Let $y$ and $z$ be given by the equations \begin{equation} \mathrm{d}y_t = A(y_t) \mathrm{d}t + B(y_t) \mathrm{d}W^1_t, \end{equation} and \begin{equation} \mathrm{d}z_t = C(z_t) \mathrm{d}t + D(z_t) \mathrm{d}W^2_t, \end{equation} where $(W^1)$ and $(W^2)$ are Brownian motions, $A$, $C$ are vector fields and $B$, $D$ take values in the space of matrices of appropriate dimensions.

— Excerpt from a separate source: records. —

(* Consider the Lorenz-Hamilton system on $\mathbb{R}^3$ $$\dot x_1=\tfrac12x_2,\qquad \dot x_2=-x_1x_3,\qquad \dot x_3=x_1x_2 ,$$ with equilibria $e_0=(0,0,0)$, $e_1^m=(m,0,0)$, $e_3^m=(0,0,m)$ for $m\in\mathbb{R}\setminus\{0\}$. Then: (i) $e_0$ and $e_1^m$ ($m\neq0$) are nonlinear stable; (ii) $e_3^m$ is nonlinear stable for $m>0$ and unstable for $m<0$.
   Context: Nonlinear stable means stable in the sense of Lyapunov: for every neighbourhood $U$ of the equilibrium there is a neighbourhood $V$ such that every trajectory starting in $V$ remains in $U$ for all $t\ge0$; unstable means not Lyapunov stable. *)

theory Defs
  imports "HOL-Analysis.Analysis"
begin

definition lorenz_hamilton :: "real^3 \<Rightarrow> real^3" where
  "lorenz_hamilton x = vector [x$2 / 2, - (x$1 * x$3), x$1 * x$2]"

definition is_trajectory :: "(real^3 \<Rightarrow> real^3) \<Rightarrow> real \<Rightarrow> (real \<Rightarrow> real^3) \<Rightarrow> bool" where
  "is_trajectory f T x \<longleftrightarrow>
     (\<forall>t\<in>{0..T}. (x has_vector_derivative f (x t)) (at t within {0..T}))"

text \<open>Lyapunov (nonlinear) stability of e: for every neighbourhood U of e there is a
  neighbourhood V of e such that every trajectory starting in V stays in U for all
  t \<ge> 0 (for as long as it is defined, i.e. on every interval [0,T] on which it exists).\<close>
definition lyapunov_stable :: "(real^3 \<Rightarrow> real^3) \<Rightarrow> real^3 \<Rightarrow> bool" where
  "lyapunov_stable f e \<longleftrightarrow>
     (\<forall>U. open U \<and> e \<in> U \<longrightarrow>
        (\<exists>V. open V \<and> e \<in> V \<and>
           (\<forall>T x. 0 \<le> T \<and> is_trajectory f T x \<and> x 0 \<in> V \<longrightarrow> (\<forall>t\<in>{0..T}. x t \<in> U))))"

end

theory Submission
  imports Defs "HOL-Real_Asymp.Real_Asymp"
begin

text \<open>The system has the two first integrals \<open>x\<^sub>2\<^sup>2 + x\<^sub>3\<^sup>2\<close> and \<open>x\<^sub>1\<^sup>2 - x\<^sub>3\<close>.
  An equilibrium that is an isolated point of its common level set is stable: a trajectory
  starting close enough stays on a level set close to that of the equilibrium, and it cannot
  cross a small sphere around it, where these integrals stay uniformly away from their values
  at the equilibrium. This covers \<open>e\<^sub>0\<close>, \<open>e\<^sub>1\<^sup>m\<close> and \<open>e\<^sub>3\<^sup>m\<close> for \<open>m > 0\<close>. For \<open>m < 0\<close> the level
  set of \<open>e\<^sub>3\<^sup>m\<close> is a curve carrying an explicit homoclinic orbit, which starts arbitrarily
  close to \<open>e\<^sub>3\<^sup>m\<close> and reaches distance \<open>2|m|\<close> from it.\<close>

lemma trajectory_continuous_on:
  assumes "is_trajectory f T x"
  shows "continuous_on {0..T} x"
  using assms continuous_on_vector_derivative[of "{0..T}" x "\<lambda>t. f (x t)"]
  unfolding is_trajectory_def by blast

lemma lyapunov_stable_if_isolated_in_level_set:
  fixes \<Phi> :: "real^3 \<Rightarrow> 'a::metric_space"
  assumes "continuous_on UNIV \<Phi>"
    and conserved: "\<And>T x t. is_trajectory f T x \<Longrightarrow> t \<in> {0..T} \<Longrightarrow> \<Phi> (x t) = \<Phi> (x 0)"
    and "0 < r"
    and isolated: "\<And>y. y \<in> ball e r \<Longrightarrow> \<Phi> y = \<Phi> e \<Longrightarrow> y = e"
  shows "lyapunov_stable f e"
  unfolding lyapunov_stable_def
proof (intro allI impI)
  fix U assume "open U \<and> e \<in> U"
  then obtain \<epsilon> where "0 < \<epsilon>" "ball e \<epsilon> \<subseteq> U"
    using open_contains_ball by blast
  define \<rho> where "\<rho> = min \<epsilon> (r/2)"
  have \<rho>: "0 < \<rho>" "\<rho> < r" "ball e \<rho> \<subseteq> U"
    using \<open>0 < \<epsilon>\<close> \<open>0 < r\<close> \<open>ball e \<epsilon> \<subseteq> U\<close> by (auto simp: \<rho>_def)
  define g where "g y = dist (\<Phi> y) (\<Phi> e)" for y
  have g_cont: "continuous_on UNIV g"
    unfolding g_def using assms(1) by (intro continuous_intros)
  obtain z where z: "z \<in> sphere e \<rho>" and z_min: "\<And>y. y \<in> sphere e \<rho> \<Longrightarrow> g z \<le> g y"
    using continuous_attains_inf[OF compact_sphere _ continuous_on_subset[OF g_cont], of e \<rho>] \<rho>(1)
    by auto
  have "z \<noteq> e" "z \<in> ball e r"
    using z \<rho> by auto
  hence "0 < g z"
    using isolated unfolding g_def by auto
  define V where "V = ball e \<rho> \<inter> {y. g y < g z}"
  show "\<exists>V. open V \<and> e \<in> V \<and>
          (\<forall>T x. 0 \<le> T \<and> is_trajectory f T x \<and> x 0 \<in> V \<longrightarrow> (\<forall>t\<in>{0..T}. x t \<in> U))"
  proof (intro exI[of _ V] conjI allI impI ballI)
    show "open V"
      unfolding V_def using g_cont by (intro open_Int open_Collect_less continuous_intros) auto
    show "e \<in> V"
      using \<rho>(1) \<open>0 < g z\<close> by (simp add: V_def g_def)
    fix T x t assume "0 \<le> T \<and> is_trajectory f T x \<and> x 0 \<in> V" and t: "t \<in> {0..T}"
    hence traj: "is_trajectory f T x" and x0: "dist e (x 0) < \<rho>" "g (x 0) < g z"
      by (auto simp: V_def)
    have "dist e (x t) < \<rho>"
    proof (rule ccontr)
      assume "\<not> dist e (x t) < \<rho>"
      moreover have "continuous_on {0..t} (\<lambda>s. dist e (x s))"
        using trajectory_continuous_on[OF traj] t
        by (intro continuous_intros) (auto elim: continuous_on_subset)
      ultimately obtain s where s: "0 \<le> s" "s \<le> t" "dist e (x s) = \<rho>"
        using IVT'[of "\<lambda>s. dist e (x s)" 0 \<rho> t] x0 t by auto
      hence "g z \<le> g (x s)"
        by (intro z_min) simp
      moreover have "g (x s) = g (x 0)"
        using conserved[OF traj, of s] s t by (simp add: g_def)
      ultimately show False
        using x0 by simp
    qed
    thus "x t \<in> U"
      using \<rho>(3) by auto
  qed
qed

definition lorenz_hamilton_integrals :: "real^3 \<Rightarrow> real \<times> real" where
  "lorenz_hamilton_integrals x = ((x$2)\<^sup>2 + (x$3)\<^sup>2, (x$1)\<^sup>2 - x$3)"

lemma continuous_on_lorenz_hamilton_integrals: "continuous_on UNIV lorenz_hamilton_integrals"
  unfolding lorenz_hamilton_integrals_def by (intro continuous_intros)

lemma lorenz_hamilton_integrals_conserved:
  assumes traj: "is_trajectory lorenz_hamilton T x" and t: "t \<in> {0..T}"
  shows "lorenz_hamilton_integrals (x t) = lorenz_hamilton_integrals (x 0)"
proof -
  have comp: "((\<lambda>s. x s $ i) has_real_derivative lorenz_hamilton (x s) $ i) (at s within {0..T})"
    if "s \<in> {0..T}" for s i
    using bounded_linear.has_vector_derivative[OF bounded_linear_vec_nth] traj that
    unfolding is_trajectory_def has_real_derivative_iff_has_vector_derivative by blast
  have "\<exists>c. \<forall>s\<in>{0..T}. (x s$2)\<^sup>2 + (x s$3)\<^sup>2 = c"
    by (rule has_field_derivative_zero_constant)
      (auto intro!: derivative_eq_intros comp simp: lorenz_hamilton_def algebra_simps)
  moreover have "\<exists>c. \<forall>s\<in>{0..T}. (x s$1)\<^sup>2 - x s$3 = c"
    by (rule has_field_derivative_zero_constant)
      (auto intro!: derivative_eq_intros comp simp: lorenz_hamilton_def algebra_simps)
  moreover have "0 \<in> {0..T}"
    using t by simp
  ultimately show ?thesis
    using t unfolding lorenz_hamilton_integrals_def by force
qed

lemma lyapunov_stable_lorenz_hamilton_if_isolated:
  assumes "0 < r"
    and "\<And>y. y \<in> ball e r \<Longrightarrow> lorenz_hamilton_integrals y = lorenz_hamilton_integrals e \<Longrightarrow> y = e"
  shows "lyapunov_stable lorenz_hamilton e"
  using continuous_on_lorenz_hamilton_integrals lorenz_hamilton_integrals_conserved assms
  by (rule lyapunov_stable_if_isolated_in_level_set)

lemma lyapunov_stable_origin: "lyapunov_stable lorenz_hamilton (vector [0, 0, 0])"
proof (rule lyapunov_stable_lorenz_hamilton_if_isolated[of 1])
  fix y :: "real^3"
  assume "lorenz_hamilton_integrals y = lorenz_hamilton_integrals (vector [0, 0, 0])"
  hence "(y$2)\<^sup>2 + (y$3)\<^sup>2 = 0" "(y$1)\<^sup>2 = y$3"
    by (simp_all add: lorenz_hamilton_integrals_def)
  thus "y = vector [0, 0, 0]"
    by (simp add: vec_eq_iff forall_3)
qed simp

lemma lyapunov_stable_e1:
  assumes "m \<noteq> 0"
  shows "lyapunov_stable lorenz_hamilton (vector [m, 0, 0])"
proof (rule lyapunov_stable_lorenz_hamilton_if_isolated[of "\<bar>m\<bar>"])
  fix y :: "real^3"
  assume y: "y \<in> ball (vector [m, 0, 0]) \<bar>m\<bar>"
    and "lorenz_hamilton_integrals y = lorenz_hamilton_integrals (vector [m, 0, 0])"
  hence "(y$2)\<^sup>2 + (y$3)\<^sup>2 = 0" "(y$1)\<^sup>2 - y$3 = m\<^sup>2"
    by (simp_all add: lorenz_hamilton_integrals_def)
  hence "y$2 = 0" "y$3 = 0" "y$1 = m \<or> y$1 = - m"
    by (simp_all add: power2_eq_iff)
  moreover have "\<bar>y$1 - m\<bar> < \<bar>m\<bar>"
    using component_le_norm_cart[of "y - vector [m, 0, 0]" 1] y
    by (simp add: dist_norm norm_minus_commute)
  ultimately show "y = vector [m, 0, 0]"
    using assms by (auto simp: vec_eq_iff forall_3)
qed (use assms in simp)

lemma lyapunov_stable_e3_pos:
  assumes "0 < m"
  shows "lyapunov_stable lorenz_hamilton (vector [0, 0, m])"
proof (rule lyapunov_stable_lorenz_hamilton_if_isolated[of 1])
  fix y :: "real^3"
  assume "lorenz_hamilton_integrals y = lorenz_hamilton_integrals (vector [0, 0, m])"
  hence sum_sq: "(y$2)\<^sup>2 + (y$3)\<^sup>2 = m\<^sup>2" and y3: "y$3 = m + (y$1)\<^sup>2"
    by (simp_all add: lorenz_hamilton_integrals_def)
  have "m \<le> y$3"
    using y3 by simp
  moreover have "(y$3)\<^sup>2 \<le> m\<^sup>2"
    using sum_sq by (smt (verit) zero_le_power2)
  ultimately have "y$3 = m"
    using assms by (smt (verit) power_strict_mono zero_less_numeral)
  thus "y = vector [0, 0, m]"
    using sum_sq y3 by (simp add: vec_eq_iff forall_3)
qed simp

lemma has_vector_derivative_vector3:
  assumes "(f1 has_real_derivative d1) (at t within S)" "(f2 has_real_derivative d2) (at t within S)"
    "(f3 has_real_derivative d3) (at t within S)"
  shows "((\<lambda>t. vector [f1 t, f2 t, f3 t] :: real^3) has_vector_derivative vector [d1, d2, d3])
           (at t within S)"
proof -
  have split: "vector [a, b, c] =
      a *\<^sub>R vector [1, 0, 0] + b *\<^sub>R vector [0, 1, 0] + c *\<^sub>R (vector [0, 0, 1] :: real^3)"
    for a b c :: real
    by (simp add: vec_eq_iff forall_3)
  have "((\<lambda>t. f1 t *\<^sub>R vector [1, 0, 0] + f2 t *\<^sub>R vector [0, 1, 0] +
               f3 t *\<^sub>R (vector [0, 0, 1] :: real^3)) has_vector_derivative
          d1 *\<^sub>R vector [1, 0, 0] + d2 *\<^sub>R vector [0, 1, 0] + d3 *\<^sub>R vector [0, 0, 1]) (at t within S)"
    using assms by (auto intro!: derivative_eq_intros)
  thus ?thesis
    by (simp only: split[symmetric])
qed

definition homoclinic_orbit :: "real \<Rightarrow> real \<Rightarrow> real^3" where
  "homoclinic_orbit A s =
     vector [A / cosh s, - (A\<^sup>2 * sinh s / (cosh s)\<^sup>2), A\<^sup>2 / (cosh s)\<^sup>2 - A\<^sup>2/2]"

lemma homoclinic_orbit_has_vector_derivative:
  assumes "A \<noteq> 0"
  shows "(homoclinic_orbit A has_vector_derivative (2/A) *\<^sub>R lorenz_hamilton (homoclinic_orbit A s)) (at s)"
proof -
  have sinh_sq: "(sinh s)\<^sup>2 = (cosh s)\<^sup>2 - 1"
    by (simp add: cosh_square_eq)
  have "(homoclinic_orbit A has_vector_derivative
          vector [- (A * sinh s / (cosh s)\<^sup>2), A\<^sup>2 * ((cosh s)\<^sup>2 - 2) / (cosh s)^3,
                  - (2 * A\<^sup>2 * sinh s / (cosh s)^3)]) (at s)"
    unfolding homoclinic_orbit_def
    by (rule has_vector_derivative_vector3;
        auto intro!: derivative_eq_intros simp: field_simps power2_eq_square power3_eq_cube;
        use sinh_sq in algebra)
  moreover have "vector [- (A * sinh s / (cosh s)\<^sup>2), A\<^sup>2 * ((cosh s)\<^sup>2 - 2) / (cosh s)^3,
                  - (2 * A\<^sup>2 * sinh s / (cosh s)^3)] = (2/A) *\<^sub>R lorenz_hamilton (homoclinic_orbit A s)"
    using assms
    by (simp add: homoclinic_orbit_def lorenz_hamilton_def vec_eq_iff forall_3 field_simps
        power2_eq_square power3_eq_cube)
  ultimately show ?thesis by simp
qed

lemma homoclinic_orbit_is_trajectory:
  assumes "A \<noteq> 0"
  shows "is_trajectory lorenz_hamilton T (\<lambda>t. homoclinic_orbit A (s0 + A/2 * t))"
proof -
  have "((homoclinic_orbit A \<circ> (\<lambda>t. s0 + A/2 * t)) has_vector_derivative
          (A/2) *\<^sub>R ((2/A) *\<^sub>R lorenz_hamilton (homoclinic_orbit A (s0 + A/2 * t)))) (at t)" for t
    by (intro vector_diff_chain_at homoclinic_orbit_has_vector_derivative assms)
       (auto intro!: derivative_eq_intros)
  thus ?thesis
    using assms unfolding is_trajectory_def o_def by (auto intro: has_vector_derivative_at_within)
qed

lemma homoclinic_orbit_tendsto_at_bot:
  "(homoclinic_orbit A \<longlongrightarrow> vector [0, 0, - (A\<^sup>2/2)]) at_bot"
proof (rule vec_tendstoI)
  have "((\<lambda>s. A / cosh s) \<longlongrightarrow> 0) at_bot"
    "((\<lambda>s. - (A\<^sup>2 * sinh s / (cosh s)\<^sup>2)) \<longlongrightarrow> 0) at_bot"
    "((\<lambda>s. A\<^sup>2 / (cosh s)\<^sup>2 - A\<^sup>2/2) \<longlongrightarrow> - (A\<^sup>2/2)) at_bot"
    by real_asymp+
  thus "((\<lambda>s. homoclinic_orbit A s $ i) \<longlongrightarrow> vector [0, 0, - (A\<^sup>2/2)] $ i) at_bot" for i
    using exhaust_3[of i] by (auto simp: homoclinic_orbit_def)
qed

lemma not_lyapunov_stable_e3_neg:
  assumes "m < 0"
  shows "\<not> lyapunov_stable lorenz_hamilton (vector [0, 0, m])"
proof
  define A where "A = sqrt (-2*m)"
  define e :: "real^3" where "e = vector [0, 0, m]"
  have A: "0 < A" "A \<noteq> 0" "m = - (A\<^sup>2/2)"
    using assms by (auto simp: A_def)
  assume "lyapunov_stable lorenz_hamilton (vector [0, 0, m])"
  then obtain V where V: "open V" "e \<in> V"
    and stays: "\<And>T x. 0 \<le> T \<Longrightarrow> is_trajectory lorenz_hamilton T x \<Longrightarrow> x 0 \<in> V \<Longrightarrow>
                  \<forall>t\<in>{0..T}. x t \<in> ball e (A\<^sup>2)"
    unfolding lyapunov_stable_def e_def using A
    by (auto dest!: spec[of _ "ball (vector [0, 0, m]) (A\<^sup>2)"])
  have "(homoclinic_orbit A \<longlongrightarrow> e) at_bot"
    using homoclinic_orbit_tendsto_at_bot[of A] by (simp add: e_def A(3))
  from topological_tendstoD[OF this V]
  obtain N where "\<And>s. s \<le> N \<Longrightarrow> homoclinic_orbit A s \<in> V"
    unfolding eventually_at_bot_linorder by blast
  moreover define s0 where "s0 = min N 0"
  ultimately have s0: "homoclinic_orbit A s0 \<in> V" "s0 \<le> 0"
    by auto
  define T where "T = -2 * s0 / A"
  have "0 \<le> T" "s0 + A/2 * T = 0"
    using s0(2) A(1) by (simp_all add: T_def divide_nonpos_pos)
  have "homoclinic_orbit A (s0 + A/2 * T) \<in> ball e (A\<^sup>2)"
    using stays[OF \<open>0 \<le> T\<close> homoclinic_orbit_is_trajectory[OF A(2)]] s0(1) \<open>0 \<le> T\<close>
    by simp
  hence "homoclinic_orbit A 0 \<in> ball e (A\<^sup>2)"
    by (simp only: \<open>s0 + A/2 * T = 0\<close>)
  moreover have "(homoclinic_orbit A 0 - e) $ 3 = A\<^sup>2"
    using A by (simp add: homoclinic_orbit_def e_def)
  hence "A\<^sup>2 \<le> dist (homoclinic_orbit A 0) e"
    using component_le_norm_cart[of "homoclinic_orbit A 0 - e" 3] by (simp add: dist_norm)
  ultimately show False
    by (simp add: dist_commute)
qed

theorem corollary4p5:
  shows "lyapunov_stable lorenz_hamilton (vector [0, 0, 0])
    \<and> (\<forall>m::real. m \<noteq> 0 \<longrightarrow> lyapunov_stable lorenz_hamilton (vector [m, 0, 0]))
    \<and> (\<forall>m::real. m > 0 \<longrightarrow> lyapunov_stable lorenz_hamilton (vector [0, 0, m]))
    \<and> (\<forall>m::real. m < 0 \<longrightarrow> \<not> lyapunov_stable lorenz_hamilton (vector [0, 0, m]))"
  using lyapunov_stable_origin lyapunov_stable_e1 lyapunov_stable_e3_pos not_lyapunov_stable_e3_neg
  by blast

end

What is the equation for the tensor product $y\otimes z$? My guess is that \begin{equation} \begin{split} \mathrm{d} (y_t \otimes z_t) =& [ (A\otimes I) (y_t \otimes z_t) + (I\otimes C) (y_t \otimes z_t) ]\mathrm{d}t\\ &+ (B\otimes I)(y_t \otimes z_t) \mathrm{d}W^1_t + (I\otimes D) (y_t \otimes z_t) \mathrm{d}W^2_t\\ &+ (B\otimes D) (y_t \otimes z_t) \mathrm{d}\langle W^1, W^2\rangle_t \end{split} \end{equation} where the quadratic covariation in the last line is taken component-wise, i.e. \begin{equation} \langle W^1,W^2 \rangle_t^{ij} = \langle W^{1,i},W^{2,j} \rangle_t. \end{equation} Is that correct? I couldn't find anything about this in the literature. I would be happy about any hint, where to find such things (even for the deterministic anologue). Also, how does one generalize this result to infinite dimensions?
Any help appreciated!
Best, Luke